On occasions, the big chief who was presiding over the practice grew annoyed when he didn’t feel enough people were singing the words. “You should know these songs. This is the reason a lot of big chiefs don’t hold practices anymore,” he said. “The culture is dying, and we are trying to keep it alive.” But the culture didn’t seem dead on this particular night. It seemed as alive as ever. The room had been somewhat chilly before the practice, but it was downright hot now. The drummers’ faces were covered with sweat, the Indians in the middle of the room danced and jumped to the rhythm with enthusiasm, and those around the edges of the room and upstairs cheered them on. Aesthetically, it could have been a scene from the Caribbean or even from Africa, but it was actually right in the 3rd Ward of New Orleans, not a block from where our second-line had passed earlier in the afternoon.
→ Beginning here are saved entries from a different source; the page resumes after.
lemma alt_group_comp: "x \<in> alt_group n \<Longrightarrow> y \<in> alt_group n \<Longrightarrow> x \<circ> y \<in> alt_group n"
  using alt_group_permutation[of x n] alt_group_permutation[of y n]
  by (auto simp: alt_group_def evenperm_comp intro: permutes_compose)

lemma alt_group_inv: "x \<in> alt_group n \<Longrightarrow> inv x \<in> alt_group n"
  using alt_group_permutation[of x n] by (auto simp: alt_group_def evenperm_inv intro: permutes_inv)

lemma evenperm_conj:
  assumes "permutation \<sigma>" "permutation x"
  shows "evenperm (\<sigma> \<circ> x \<circ> inv \<sigma>) = evenperm x"
  using assms by (simp add: evenperm_comp evenperm_inv permutation_compose permutation_inverse) blast

lemma alt_group_conj:
  assumes "\<sigma> permutes {1..n}" "x \<in> alt_group n"
  shows "\<sigma> \<circ> x \<circ> inv \<sigma> \<in> alt_group n"
proof -
  have "permutation \<sigma>" using assms(1) by (auto intro: permutes_imp_permutation)
  then show ?thesis using assms alt_group_permutation[OF assms(2)]
    by (auto simp: alt_group_def evenperm_conj intro!: permutes_compose permutes_inv)
qed

lemma three_cycle_in_alt_group: "s \<in> three_cycles n \<Longrightarrow> s \<in> alt_group n"
  by (elim three_cyclesE) (auto simp: alt_group_def intro: cycle3_permutes evenperm_cycle3)

lemma three_cycle_inj: "s \<in> three_cycles n \<Longrightarrow> inj s"
  using alt_group_bij three_cycle_in_alt_group bij_is_inj by blast

lemma three_cycles_inv: "s \<in> three_cycles n \<Longrightarrow> inv s \<in> three_cycles n"
  by (elim three_cyclesE) (auto simp: inv_cycle3 intro!: cycle3_in_three_cycles)

lemma card_support_three_cycle: "s \<in> three_cycles n \<Longrightarrow> card {x. s x \<noteq> x} = 3"
  by (elim three_cyclesE) (simp add: support_cycle3)

lemma finite_support_three_cycle: "s \<in> three_cycles n \<Longrightarrow> finite {x. s x \<noteq> x}"
  using card_support_three_cycle card.infinite by fastforce

lemma card_eq_3_subset_eq:
  assumes "finite D" "card D = 3" "{a, b, c} \<subseteq> D" "distinct [a, b, c]"
  shows "D = {a, b, c}"
proof -
  have "card {a, b, c} = 3" using assms(4) by simp
  then show ?thesis using assms(1-3) by (metis card_subset_eq)
qed

lemma cycle3_eqI:
  assumes "{x. p x \<noteq> x} \<subseteq> {a, b, c}" "distinct [a, b, c]" "p a = b" "p b = c" "p c = a"
  shows "p = cycle3 a b c"
  using assms by (auto simp: fun_eq_iff cycle3_apply)

lemma support_card_3_no_swap:
  assumes "inj p" "card {x. p x \<noteq> x} = 3" "p a \<noteq> a"
  shows "p (p a) \<noteq> a"
proof
  assume swap: "p (p a) = a"
  let ?D = "{x. p x \<noteq> x}"
  have "finite ?D" using assms(2) card.infinite by fastforce
  have "\<exists>d. d \<in> ?D \<and> d \<noteq> a \<and> d \<noteq> p a"
  proof (rule ccontr)
    assume "\<nexists>d. d \<in> ?D \<and> d \<noteq> a \<and> d \<noteq> p a"
    then have "?D \<subseteq> {a, p a}" by auto
    then have "card ?D \<le> card {a, p a}" by (intro card_mono) auto
    also have "\<dots> \<le> 2" by (simp add: card_insert_if)
    finally show False using assms(2) by simp
  qed
  then obtain d where d: "d \<in> ?D" "d \<noteq> a" "d \<noteq> p a" by blast
  have "{a, p a, d} \<subseteq> ?D" using d assms(3) swap by auto
  moreover have "distinct [a, p a, d]" using d assms(3) by auto
  ultimately have "?D = {a, p a, d}" using card_eq_3_subset_eq[OF \<open>finite ?D\<close> assms(2)] by blast
  moreover have "p d \<noteq> a" using d(3) swap assms(1) by (metis injD)
  moreover have "p d \<noteq> p a" "p d \<noteq> d" using d by (auto simp: inj_eq[OF assms(1)])
  moreover have "p d \<in> ?D" using d by (auto simp: inj_eq[OF assms(1)])
  ultimately show False by auto
qed

lemma three_cycle_of_card_support:
  assumes p: "p permutes {1..n}" and card: "card {x. p x \<noteq> x} = 3"
  shows "p \<in> three_cycles n"
proof -
  let ?D = "{x. p x \<noteq> x}"
  have fin: "finite ?D" using card card.infinite by fastforce
  have inj: "inj p" using p permutes_inj by blast
  have D_sub: "?D \<subseteq> {1..n}" using p unfolding permutes_def by blast
  have closed: "p x \<in> ?D" if "x \<in> ?D" for x
    using that inj by (metis (mono_tags) injD mem_Collect_eq)
  obtain a where a: "a \<in> ?D" using card by (metis card.empty ex_in_conv zero_neq_numeral)
  define b c where "b = p a" and "c = p b"
  have b: "b \<in> ?D" "b \<noteq> a" and c: "c \<in> ?D" "c \<noteq> b"
    using closed[OF a] closed[of b] a by (auto simp: b_def c_def)
  have "c \<noteq> a" using support_card_3_no_swap[OF inj card] a by (simp add: b_def c_def)
  then have dist: "distinct [a, b, c]" using b c by auto
  have D: "?D = {a, b, c}" using card_eq_3_subset_eq[OF fin card _ dist] a b c by auto
  have "p c = a"
  proof -
    have "p c \<noteq> b" "p c \<noteq> c" using inj c \<open>c \<noteq> a\<close> by (auto simp: b_def dest: injD)
    then show ?thesis using closed[OF c(1)] D by auto
  qed
  then have "p = cycle3 a b c" using D dist by (intro cycle3_eqI) (auto simp: b_def c_def)
  moreover have "a \<in> {1..n}" "b \<in> {1..n}" "c \<in> {1..n}" using D D_sub by auto
  ultimately show ?thesis using dist by (simp add: cycle3_in_three_cycles)
qed

lemma three_cycles_iff_card_support:
  "p permutes {1..n} \<Longrightarrow> p \<in> three_cycles n \<longleftrightarrow> card {x. p x \<noteq> x} = 3"
  using three_cycle_of_card_support card_support_three_cycle by blast

lemma three_cycle_eqI:
  assumes "u \<in> three_cycles n" "distinct [a, b, c]" "u a = b" "u b = c" "u c = a"
  shows "u = cycle3 a b c"
proof (rule cycle3_eqI[OF _ assms(2-5)])
  have "{x. u x \<noteq> x} = {a, b, c}"
    using card_eq_3_subset_eq[OF finite_support_three_cycle card_support_three_cycle] assms by auto
  then show "{x. u x \<noteq> x} \<subseteq> {a, b, c}" by simp
qed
All too soon, the practice came to an end. If it hadn’t, I probably would have remained there all night.
By the time we crossed over North Miami Avenue, we had assembled a fairly good-sized crowd, but my friend Jackson stated that the crowd was much smaller than average due to the ball game. Suddenly, all too soon, we arrived back at the corner of Northeast 2nd and 60th Street where it had all begun. I had not eaten since about 4 PM, so as everyone started to go their separate ways, I started trying to find a restaurant that wasn’t already closed, as it was almost 11 PM.